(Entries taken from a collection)
=== Section Start ===
lemma card_scalar_prod_eq_1:
  fixes x :: "bit ^ 'n"
  assumes "x \<noteq> 0"
  shows "card {g. scalar_prod x g = 1} = 2 ^ (CARD('n) - 1)"
proof -
  obtain i where "x $ i = 1"
    using assms by (auto simp: vec_eq_iff)
  then show ?thesis
    using card_subspace_scalar_prod_eq_1[OF vec.subspace_UNIV, of "axis i 1" x]
    by (simp add: card_cart_basis)
qed

lemma hweight_eq_sum: "hweight a = (\<Sum>j<length a. of_bool (a ! j = 1))"
  unfolding hweight_def by (simp add: Int_def lessThan_def)

lemma dot_eq_of_nat_hweight:
  assumes "length a = length b"
  shows "dot a b = of_nat (hweight (map2 (*) a b))"
  using assms by (simp add: dot_def hweight_eq_sum of_nat_sum del: sum_of_bool_eq)

lemma dot_self_eq_0_iff: "dot a a = 0 \<longleftrightarrow> even (hweight a)"
  using dot_eq_of_nat_hweight[of a a] by (simp add: zip_same_conv_map comp_def of_nat_eq_0_iff_even_bit)

lemma hweight_map2_add:
  assumes "length a = length b"
  shows "hweight (map2 (+) a b) + 2 * hweight (map2 (*) a b) = hweight a + hweight b"
proof -
  have pointwise: "of_bool (x + y = 1) + 2 * of_bool (x * y = 1) = of_bool (x = 1) + (of_bool (y = 1) :: nat)"
    for x y :: bit
    by (cases x; cases y) simp_all
  have "hweight (map2 (+) a b) + 2 * hweight (map2 (*) a b)
      = (\<Sum>j<length a. of_bool (a ! j + b ! j = 1) + 2 * of_bool (a ! j * b ! j = 1))"
    using assms by (simp add: hweight_eq_sum sum.distrib sum_distrib_left del: sum_of_bool_eq)
  also have "\<dots> = (\<Sum>j<length a. of_bool (a ! j = 1) + of_bool (b ! j = 1))"
    unfolding pointwise ..
  also have "\<dots> = hweight a + hweight b"
    using assms by (simp add: hweight_eq_sum sum.distrib del: sum_of_bool_eq)
  finally show ?thesis .
qed

lemma dot_eq_0_iff_hweight_add_mod_4:
  assumes "length a = length b"
  shows "dot a b = 0 \<longleftrightarrow> hweight (map2 (+) a b) mod 4 = (hweight a + hweight b) mod 4"
proof -
  have "even m \<longleftrightarrow> h mod 4 = (w1 + w2) mod 4" if "h + 2 * m = w1 + w2" for h m w1 w2 :: nat
  proof -
    have "h mod 4 = (h + 2 * m) mod 4 \<longleftrightarrow> 2 * 2 dvd 2 * m"
      using mod_eq_dvd_iff_nat[of h "h + 2 * m" 4] by (simp add: eq_commute)
    then show ?thesis
      using that by simp
  qed
  then show ?thesis
    using hweight_map2_add[OF assms]
    unfolding dot_eq_of_nat_hweight[OF assms] of_nat_eq_0_iff_even_bit by blast
qed

definition binary_linear :: "bit list set \<Rightarrow> bool" where
  "binary_linear C \<longleftrightarrow> (\<exists>n. \<forall>a\<in>C. length a = n) \<and> (\<forall>a\<in>C. \<forall>b\<in>C. map2 (+) a b \<in> C)"

lemma doubly_even_imp_self_orthogonal:
  assumes "binary_linear C" and "doubly_even C"
  shows "self_orthogonal C"
  unfolding self_orthogonal_def
proof (intro ballI)
  fix a b assume "a \<in> C" "b \<in> C"
  moreover from this have "length a = length b" and "map2 (+) a b \<in> C"
    using assms(1) unfolding binary_linear_def by metis+
  ultimately show "dot a b = 0"
    using assms(2) unfolding doubly_even_def dot_eq_0_iff_hweight_add_mod_4[OF \<open>length a = length b\<close>]
    by (simp add: mod_add_eq[symmetric] dvd_eq_mod_eq_0)
qed

lemma gen_code_eq_range: "gen_code G = range (\<lambda>x. map (scalar_prod x) G)"
  unfolding gen_code_def scalar_prod_def by auto

lemma map_scalar_prod_add:
  "map (scalar_prod (x + y)) G = map2 (+) (map (scalar_prod x) G) (map (scalar_prod y) G)"
  by (induction G) (simp_all add: scalar_prod_add_left)

lemma binary_linear_gen_code: "binary_linear (gen_code G)"
  unfolding binary_linear_def gen_code_eq_range by (auto simp flip: map_scalar_prod_add)

lemma size_filter_mset_sum:
  "size (filter_mset P (\<Sum>i\<in>A. M i)) = (\<Sum>i\<in>A. size (filter_mset P (M i)))"
  by (induction A rule: infinite_finite_induct) simp_all

lemma filter_mset_repeat_mset: "filter_mset P (repeat_mset n M) = repeat_mset n (filter_mset P M)"
  by (rule multiset_eqI) simp

lemma SS_removed_subseteq_SS_cols:
  fixes V :: "nat \<Rightarrow> (bit ^ 'k) set"
  assumes "\<forall>v. v \<noteq> 0 \<longrightarrow> card {i\<in>{1..p}. v \<in> V i} \<le> s"
  shows "SS_removed p V \<subseteq># SS_cols s"
proof (rule mset_subset_eqI)
  fix v :: "bit ^ 'k"
  have "count (SS_removed p V) v = card {i\<in>{1..p}. v \<in> V i - {0}}"
    by (simp add: SS_removed_def count_sum count_mset_set' Int_def flip: of_bool_def)
  then show "count (SS_removed p V) v \<le> count (SS_cols s) v"
    using assms by (cases "v = 0") (simp_all add: SS_cols_def)
qed

lemma SS_data_subspace:
  assumes "SS_data s p u V" and "i \<in> {1..p}"
  shows "vec.subspace (V i)" and "vec.dim (V i) = u i"
  using assms unfolding SS_data_def by auto

lemma SS_data_u_less:
  assumes "SS_data s p u V" and "1 \<le> i" and "i < j" and "j \<le> p"
  shows "u j < u i"
proof -
  have dec: "u (Suc n) < u n" if "1 \<le> n" and "n < p" for n
    using assms(1) that unfolding SS_data_def by blast
  from assms(3) have "Suc i \<le> j"
    by simp
  then show ?thesis
    using assms(4)
  proof (induction j rule: dec_induct)
    case base
    then show ?case using dec assms(2) by simp
  next
    case (step n)
    then show ?case using dec[of n] assms(2) by simp
  qed
qed

lemma hweight_SS_codeword:
  fixes V :: "nat \<Rightarrow> (bit ^ 'k) set"
  assumes "SS_data s p u V" and "SS_matrix s p V G" and "x \<noteq> 0"
  shows "hweight (map (scalar_prod x) G) + (\<Sum>i\<in>{1..p}. card {w\<in>V i. scalar_prod x w = 1})
    = s * 2 ^ (CARD('k) - 1)"
proof -
  let ?P = "\<lambda>g. scalar_prod x g = 1"
  have drop_0: "{g\<in>A. g \<noteq> 0 \<and> ?P g} = {g\<in>A. ?P g}" for A
    by auto
  have "filter_mset ?P (SS_removed p V) \<subseteq># filter_mset ?P (SS_cols s)"
    using assms(1) unfolding SS_data_def
    by (intro filter_mset_mono_strong SS_removed_subseteq_SS_cols) simp_all
  moreover have "hweight (map (scalar_prod x) G) = size (filter_mset ?P (mset G))"
    unfolding hweight_def size_mset mset_filter[symmetric] length_filter_conv_card
    by (auto intro: arg_cong[where f = card])
  ultimately have "hweight (map (scalar_prod x) G)
      = size (filter_mset ?P (SS_cols s)) - size (filter_mset ?P (SS_removed p V))"
    and "size (filter_mset ?P (SS_removed p V)) \<le> size (filter_mset ?P (SS_cols s))"
    using assms(2) unfolding SS_matrix_def by (simp_all add: size_mset_mono size_Diff_submset)
  moreover have "size (filter_mset ?P (SS_cols s)) = s * 2 ^ (CARD('k) - 1)"
    using card_scalar_prod_eq_1[OF assms(3)] drop_0[of UNIV]
    by (simp add: SS_cols_def filter_mset_repeat_mset)
  moreover have "size (filter_mset ?P (SS_removed p V)) = (\<Sum>i\<in>{1..p}. card {w\<in>V i. ?P w})"
    unfolding SS_removed_def size_filter_mset_sum by (simp add: drop_0)
  ultimately show ?thesis
    by linarith
qed

lemma mod_double_eq_if_dvd_add:
  fixes a h :: nat
  assumes "2 * h dvd a + h" and "h > 0"
  shows "a mod (2 * h) = h"
proof -
  obtain k where k: "a + h = 2 * h * k"
    using assms(1) by (elim dvdE)
  with assms(2) have "a = h + (k - 1) * (2 * h)"
    by (cases k) (simp_all add: algebra_simps)
  then show ?thesis
    using assms(2) by simp
qed

lemma SS_hweight_mod:
  fixes V :: "nat \<Rightarrow> (bit ^ 'k) set"
  assumes data: "SS_data s p u V" and mat: "SS_matrix s p V G" and "p \<ge> 1"
    and w: "w \<in> V p" "scalar_prod x w = 1"
  shows "hweight (map (scalar_prod x) G) mod 2 ^ u p = 2 ^ (u p - 1)"
proof -
  let ?c = "\<lambda>i. card {w\<in>V i. scalar_prod x w = 1}"
  have p: "p \<in> {1..p}"
    using \<open>p \<ge> 1\<close> by simp
  have "u p \<le> u 1"
    using SS_data_u_less[OF data, of 1 p] \<open>p \<ge> 1\<close> by (cases "p = 1") auto
  then have up: "1 \<le> u p" "u p \<le> CARD('k) - 1"
    using data \<open>p \<ge> 1\<close> unfolding SS_data_def by auto
  have "?c p = 2 ^ (u p - 1)"
    using card_subspace_scalar_prod_eq_1[OF SS_data_subspace(1)[OF data p] w]
      SS_data_subspace(2)[OF data p] by simp
  moreover have "(\<Sum>i\<in>{1..p}. ?c i) = ?c p + (\<Sum>i\<in>{1..<p}. ?c i)"
    using \<open>p \<ge> 1\<close> by (rule sum.last_plus)
  moreover have "x \<noteq> 0"
    using w by auto
  ultimately have weight: "(\<Sum>i\<in>{1..<p}. ?c i) + (hweight (map (scalar_prod x) G) + 2 ^ (u p - 1))
      = s * 2 ^ (CARD('k) - 1)"
    using hweight_SS_codeword[OF data mat, of x] by linarith
  have rest: "2 ^ u p dvd (\<Sum>i\<in>{1..<p}. ?c i)"
  proof (rule dvd_sum)
    fix i assume "i \<in> {1..<p}"
    then have sub: "vec.subspace (V i)" and le: "u p \<le> vec.dim (V i) - 1"
      using SS_data_subspace[OF data] SS_data_u_less[OF data, of i p] by auto
    from le have "2 ^ u p dvd (2::nat) ^ (vec.dim (V i) - 1)"
      by (rule le_imp_power_dvd)
    then show "2 ^ u p dvd ?c i"
      using card_subspace_scalar_prod_eq_1_dvd[OF sub] by (rule dvd_trans)
  qed
  have "2 ^ u p dvd s * 2 ^ (CARD('k) - 1)"
    using up(2) by (simp add: le_imp_power_dvd)
  then have "2 ^ u p dvd hweight (map (scalar_prod x) G) + 2 ^ (u p - 1)"
    unfolding weight[symmetric] dvd_add_right_iff[OF rest] .
  moreover have "(2::nat) ^ u p = 2 * 2 ^ (u p - 1)"
    using up(1) by (cases "u p") simp_all
  ultimately show ?thesis
    by (simp add: mod_double_eq_if_dvd_add)
qed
=== Section End ===
EXERCISE DIRECTIONS:
Transcribe only the lines from the beginning of the entries to the line with "of_bool (x *", inclusive, exactly as written.

EXERCISE ANSWER:
lemma card_scalar_prod_eq_1:
  fixes x :: "bit ^ 'n"
  assumes "x \<noteq> 0"
  shows "card {g. scalar_prod x g = 1} = 2 ^ (CARD('n) - 1)"
proof -
  obtain i where "x $ i = 1"
    using assms by (auto simp: vec_eq_iff)
  then show ?thesis
    using card_subspace_scalar_prod_eq_1[OF vec.subspace_UNIV, of "axis i 1" x]
    by (simp add: card_cart_basis)
qed

lemma hweight_eq_sum: "hweight a = (\<Sum>j<length a. of_bool (a ! j = 1))"
  unfolding hweight_def by (simp add: Int_def lessThan_def)

lemma dot_eq_of_nat_hweight:
  assumes "length a = length b"
  shows "dot a b = of_nat (hweight (map2 (*) a b))"
  using assms by (simp add: dot_def hweight_eq_sum of_nat_sum del: sum_of_bool_eq)

lemma dot_self_eq_0_iff: "dot a a = 0 \<longleftrightarrow> even (hweight a)"
  using dot_eq_of_nat_hweight[of a a] by (simp add: zip_same_conv_map comp_def of_nat_eq_0_iff_even_bit)

lemma hweight_map2_add:
  assumes "length a = length b"
  shows "hweight (map2 (+) a b) + 2 * hweight (map2 (*) a b) = hweight a + hweight b"
proof -
  have pointwise: "of_bool (x + y = 1) + 2 * of_bool (x * y = 1) = of_bool (x = 1) + (of_bool (y = 1) :: nat)"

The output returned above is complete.